**TASK GOAL**: Scan the listing below for "rule", then report every line that has it.

↓

lemma hpoly_eval_affine_in_w:
  assumes "is_hpoly a" and "\<And>k J. a k J \<noteq> 0 \<Longrightarrow> k = 0 \<or> (k = 1 \<and> J = (\<lambda>_. 0))"
  shows "hpoly_eval a w z = a 1 (\<lambda>_. 0) * w + hpoly_eval a 0 z"
proof -
  let ?S = "{(k, J). a k J \<noteq> 0}"
  have "hpoly_eval a w z - hpoly_eval a 0 z
      = (\<Sum>x\<in>?S. if x = (1, \<lambda>_. 0) then a 1 (\<lambda>_. 0) * w else 0)"
    unfolding hpoly_eval_def sum_subtractf[symmetric]
    by (rule sum.cong) (auto simp: monom_def dest: assms(2))
  also have "\<dots> = a 1 (\<lambda>_. 0) * w"
    using assms(1) unfolding is_hpoly_def by (simp add: sum.delta)
  finally show ?thesis
    by (simp add: algebra_simps)
qed

lemma hpoly_eval_weighted_rotation:
  assumes "\<And>J. a 0 J \<noteq> 0 \<Longrightarrow> int_wt m J = d"
  shows "hpoly_eval a 0 (weighted_rotation m t z) = cis (of_int d * t) * hpoly_eval a 0 z"
  unfolding hpoly_eval_def sum_distrib_left
  by (rule sum.cong) (auto simp: monom_weighted_rotation power_0_left dest: assms)

lemma std_p_monomial_freq_bound:
  assumes m: "\<forall>j. 0 < m j" and "std_p m c" and "c A B \<noteq> 0"
  shows "\<bar>int_wt m A - int_wt m B\<bar> < int (weight_denom m)"
proof -
  have "wt m A + wt m B = 1" "A \<noteq> (\<lambda>_. 0)" "B \<noteq> (\<lambda>_. 0)"
    using assms(2,3) unfolding std_p_def by auto
  then have "\<bar>wt m A - wt m B\<bar> < 1"
    using wt_nonneg[of m A] wt_nonneg[of m B] wt_eq_0_iff[OF m, of A] wt_eq_0_iff[OF m, of B]
    by linarith
  then have "real (weight_denom m) * \<bar>wt m A - wt m B\<bar> < real (weight_denom m)"
    using weight_denom_pos[OF m] by simp
  then have "real_of_int \<bar>int_wt m A - int_wt m B\<bar> < real_of_int (int (weight_denom m))"
    by (simp add: of_int_int_wt[OF m] abs_mult right_diff_distrib[symmetric])
  then show ?thesis
    by (simp only: of_int_less_iff)
qed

↑

**EXERCISE RESULT**:
    by (rule sum.cong) (auto simp: monom_def dest: assms(2))
  by (rule sum.cong) (auto simp: monom_weighted_rotation power_0_left dest: assms)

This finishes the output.